With the algorithm started, we can view the output by either pressing App log
in the same window, or connect with SSH into the device and view the log with
the following command:
tail -f /var/volatile/log/info.log | grep object_detection
Depending on selected chip, different output is received. The label file is used for identifying objects.
In the system log the chip is sometimes only mentioned as a string, they are mapped as follows:
Chips | Larod 1 (int) | Larod 3 (string) |
---|---|---|
CPU with TensorFlow Lite | 2 | cpu-tflite |
Google TPU | 4 | google-edge-tpu-tflite |
Ambarella CVFlow (NN) | 6 | ambarella-cvflow |
ARTPEC-8 DLPU | 12 | axis-a8-dlpu-tflite |
There are four outputs from MobileNet SSD v2 (COCO) model. The number of detections, cLasses, scores, and locations are shown as below. The four location numbers stand for [top, left, bottom, right]. By the way, currently the saved images will be overwritten continuously, so those saved images might not all from the detections of the last frame, if the number of detections is less than previous detection numbers.

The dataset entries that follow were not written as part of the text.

lemma eig_mult_ge_card:
  fixes \<phi> \<psi> :: "'i \<Rightarrow> (nat \<Rightarrow> nat) \<Rightarrow> real"
  assumes finI: "finite I"
    and eig: "\<And>i g. i \<in> I \<Longrightarrow> g \<in> Sym n \<Longrightarrow> star_op n (\<phi> i) g = ev * \<phi> i g"
    and dual: "\<And>i j. i \<in> I \<Longrightarrow> j \<in> I \<Longrightarrow> (\<Sum>g\<in>Sym n. \<psi> i g * \<phi> j g) \<noteq> 0 \<longleftrightarrow> i = j"
  shows "card I \<le> eig_mult (cayley_adj_mat (Sym n) (star_transp n)) ev"
proof -
  define vs where "vs = vertex_enum (Sym n)"
  define N where "N = length vs"
  define A where "A = cayley_adj_mat (Sym n) (star_transp n)"
  have vs: "distinct vs" "set vs = Sym n" using vertex_enum_Sym[of n] unfolding vs_def by auto
  have bij: "bij_betw ((!) vs) {..<N} (Sym n)" by (rule bij_betw_nth) (use vs in \<open>auto simp: N_def\<close>)
  have A: "A \<in> carrier_mat N N" unfolding A_def N_def vs_def cayley_adj_mat_def Let_def by simp
  show ?thesis unfolding eig_mult_def A_def[symmetric]
  proof (rule card_le_order_by_dual_family[OF A finI,
        where v = "\<lambda>i. vec N (\<lambda>k. \<phi> i (vs!k))" and w = "\<lambda>i k. \<psi> i (vs!k)"])
    fix i assume i: "i \<in> I"
    show "vec N (\<lambda>k. \<phi> i (vs!k)) \<in> carrier_vec N" by simp
    have "vec N (\<lambda>k. star_op n (\<phi> i) (vs!k)) = ev \<cdot>\<^sub>v vec N (\<lambda>k. \<phi> i (vs!k))"
      using eig[OF i] nth_mem vs(2) unfolding N_def by (intro eq_vecI) auto
    then show "A *\<^sub>v vec N (\<lambda>k. \<phi> i (vs!k)) = ev \<cdot>\<^sub>v vec N (\<lambda>k. \<phi> i (vs!k))"
      unfolding A_def N_def vs_def cayley_adj_mat_mult_vec by (simp only: N_def vs_def)
    fix j assume j: "j \<in> I"
    have "(\<Sum>k<N. \<psi> i (vs!k) * vec N (\<lambda>k. \<phi> j (vs!k)) $ k) = (\<Sum>k<N. \<psi> i (vs!k) * \<phi> j (vs!k))"
      by (rule sum.cong, auto)
    also have "\<dots> = (\<Sum>g\<in>Sym n. \<psi> i g * \<phi> j g)" by (rule sum.reindex_bij_betw[OF bij])
    finally show "((\<Sum>k<N. \<psi> i (vs!k) * vec N (\<lambda>k. \<phi> j (vs!k)) $ k) \<noteq> 0) = (i = j)"
      using dual[OF i j] by simp
  qed
qed

lemma cayley_eigenvalue_if_mult_pos:
  assumes "1 \<le> eig_mult (cayley_adj_mat (Sym n) (star_transp n)) ev"
  shows "eigenvalue (cayley_adj_mat (Sym n) (star_transp n)) ev"
  using cayley_adj_mat_carrier[of n] eigenvalue_if_order_pos assms unfolding eig_mult_def by blast

lemma sum_Sym_point:
  assumes "x \<in> Sym n"
  shows "(\<Sum>g\<in>Sym n. (if g = x then 1 else 0) * f g) = (f x :: real)"
proof -
  have "(\<Sum>g\<in>Sym n. (if g = x then 1 else 0) * f g) = (\<Sum>g\<in>Sym n. if g = x then f g else 0)"
    by (rule sum.cong, auto)
  thus ?thesis using assms by (simp add: sum.delta[OF finite_Sym])
qed

section \<open>Eigenfunctions for the eigenvalues n - l and -(n - l)\<close>

lemma det_zero_row:
  assumes A: "A \<in> carrier_mat N N" and i: "i < N" and z: "\<And>j. j < N \<Longrightarrow> A $$ (i,j) = 0"
  shows "det A = 0"
  unfolding det_def'[OF A]
proof (rule sum.neutral, intro ballI)
  fix p assume "p \<in> {p. p permutes {0..<N}}"
  hence "p i < N" using permutes_in_image[of p "{0..<N}" i] i by simp
  hence "(\<Prod>i = 0..<N. A $$ (i, p i)) = 0" by (intro prod_zero, simp, intro bexI[of _ i], auto simp: z i)
  thus "signof p * (\<Prod>i = 0..<N. A $$ (i, p i)) = 0" by simp
qed

definition pattern_mat :: "nat list \<Rightarrow> nat \<Rightarrow> (nat \<Rightarrow> nat) \<Rightarrow> real mat" where
  "pattern_mat ws m f = mat (Suc m) (Suc m) (\<lambda>(i,c). if i = 0 then 1 else if f i = ws ! c then 1 else 0)"

lemma pattern_mat_carrier: "pattern_mat ws m f \<in> carrier_mat (Suc m) (Suc m)"
  unfolding pattern_mat_def by simp

text \<open>If some f i (1 \<le> i \<le> m) is not a letter of ws, its row is zero.\<close>
lemma det_pattern_mat_vanishes:
  assumes len: "length ws = Suc m" and i: "i \<in> {1..m}" and fi: "f i \<notin> set ws"
  shows "det (pattern_mat ws m f) = 0"
  by (rule det_zero_row[OF pattern_mat_carrier, of i], insert i fi len, auto simp: pattern_mat_def)

lemma pattern_mat_cong:
  assumes "\<And>i. i \<in> {1..m} \<Longrightarrow> f i = f' i"
  shows "pattern_mat ws m f = pattern_mat ws m f'"
  unfolding pattern_mat_def by (rule eq_matI, insert assms, auto)

text \<open>Alternation: if f1 and f2 differ only at one row i0, where they take two
  different letters k1, k2 not used elsewhere, the pattern matrices differ by a column
  swap, so their determinants cancel.\<close>
lemma det_pattern_mat_swap:
  assumes len: "length ws = Suc m" and dist: "distinct ws"
    and k12: "k1 \<noteq> k2" "k1 \<in> set ws" "k2 \<in> set ws" and i0: "i0 \<in> {1..m}"
    and f1: "f1 i0 = k1" and f2: "f2 i0 = k2"
    and other: "\<And>i. i \<in> {1..m} \<Longrightarrow> i \<noteq> i0 \<Longrightarrow> f1 i = f2 i \<and> f1 i \<noteq> k1 \<and> f1 i \<noteq> k2"
  shows "det (pattern_mat ws m f1) + det (pattern_mat ws m f2) = 0"
proof -
  obtain c1 where c1: "c1 < Suc m" "ws ! c1 = k1" using k12 len by (metis in_set_conv_nth)
  obtain c2 where c2: "c2 < Suc m" "ws ! c2 = k2" using k12 len by (metis in_set_conv_nth)
  have c12: "c1 \<noteq> c2" using c1 c2 k12 by auto
  have nth_eq: "ws ! c = ws ! c' \<longleftrightarrow> c = c'" if "c < Suc m" "c' < Suc m" for c c'
    using nth_eq_iff_index_eq[OF dist] that len by auto
  have "pattern_mat ws m f2 = swapcols c1 c2 (pattern_mat ws m f1)"
  proof (rule eq_matI)
    fix i c assume "i < dim_row (swapcols c1 c2 (pattern_mat ws m f1))"
      and "c < dim_col (swapcols c1 c2 (pattern_mat ws m f1))"
    hence i: "i < Suc m" and c: "c < Suc m" using pattern_mat_carrier[of ws m f1] by auto
    consider "i = 0" | "i = i0" | "i \<in> {1..m}" "i \<noteq> i0" using i by force
    then show "pattern_mat ws m f2 $$ (i, c) = swapcols c1 c2 (pattern_mat ws m f1) $$ (i, c)"
    proof cases
      case 2
      have "k1 = ws ! c \<longleftrightarrow> c = c1" "k2 = ws ! c \<longleftrightarrow> c = c2"
        using nth_eq[OF c c1(1)] nth_eq[OF c c2(1)] c1 c2 by auto
      moreover have "i \<noteq> 0" using 2 i0 by simp
      ultimately show ?thesis using 2 i c c1 c2 f1 f2 c12 k12(1) by (simp add: pattern_mat_def)
    next
      case 3
      then show ?thesis using other[of i] i c c1 c2 by (auto simp: pattern_mat_def)
    qed (use i c c1 c2 in \<open>simp add: pattern_mat_def\<close>)
  qed (auto simp: pattern_mat_def)
  then have "det (pattern_mat ws m f2) = - det (pattern_mat ws m f1)"
    using det_swapcols[OF c1(1) c2(1) c12 pattern_mat_carrier] by simp
  thus ?thesis by simp
qed

definition subset_word :: "nat set \<Rightarrow> nat list" where
  "subset_word S = sorted_list_of_set (insert 2 S)"

definition det_eigfun :: "nat set \<Rightarrow> (nat \<Rightarrow> nat) \<Rightarrow> real" where
  "det_eigfun S g = det (pattern_mat (subset_word S) (card S) g)"

lemma subset_word_props:
  assumes S: "S \<subseteq> {3..n}"
  shows "set (subset_word S) = insert 2 S" "distinct (subset_word S)"
    "length (subset_word S) = Suc (card S)"
proof -
  have fin: "finite S" using S finite_subset by auto
  have "2 \<notin> S" using S by auto
  show "set (subset_word S) = insert 2 S"
    unfolding subset_word_def by (rule set_sorted_list_of_set, simp add: fin)
  show "distinct (subset_word S)" unfolding subset_word_def by (rule distinct_sorted_list_of_set)
  show "length (subset_word S) = Suc (card S)" unfolding subset_word_def
    by (simp only: length_sorted_list_of_set card_insert_disjoint[OF fin \<open>2 \<notin> S\<close>])
qed

lemma det_eigfun_vanishes:
  assumes S: "S \<subseteq> {3..n}" and i: "i \<in> {1..card S}" and fi: "f i \<notin> insert 2 S"
  shows "det_eigfun S f = 0"
  unfolding det_eigfun_def using det_pattern_mat_vanishes[OF subset_word_props(3)[OF S] i] fi
    subset_word_props(1)[OF S] by simp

[ INFO ] object_detection[645]: Object 1: Classes: 2 car - Scores: 0.769531 - Locations: [0.750146,0.086451,0.894765,0.299347]
[ INFO ] object_detection[645]: Object 2: Classes: 2 car - Scores: 0.335938 - Locations: [0.005453,0.101417,0.045346,0.144171]
[ INFO ] object_detection[645]: Object 3: Classes: 2 car - Scores: 0.308594 - Locations: [0.109673,0.005128,0.162298,0.050947]
The detected objects with a score higher than a threshold are saved into /tmp folder in .jpg form as well.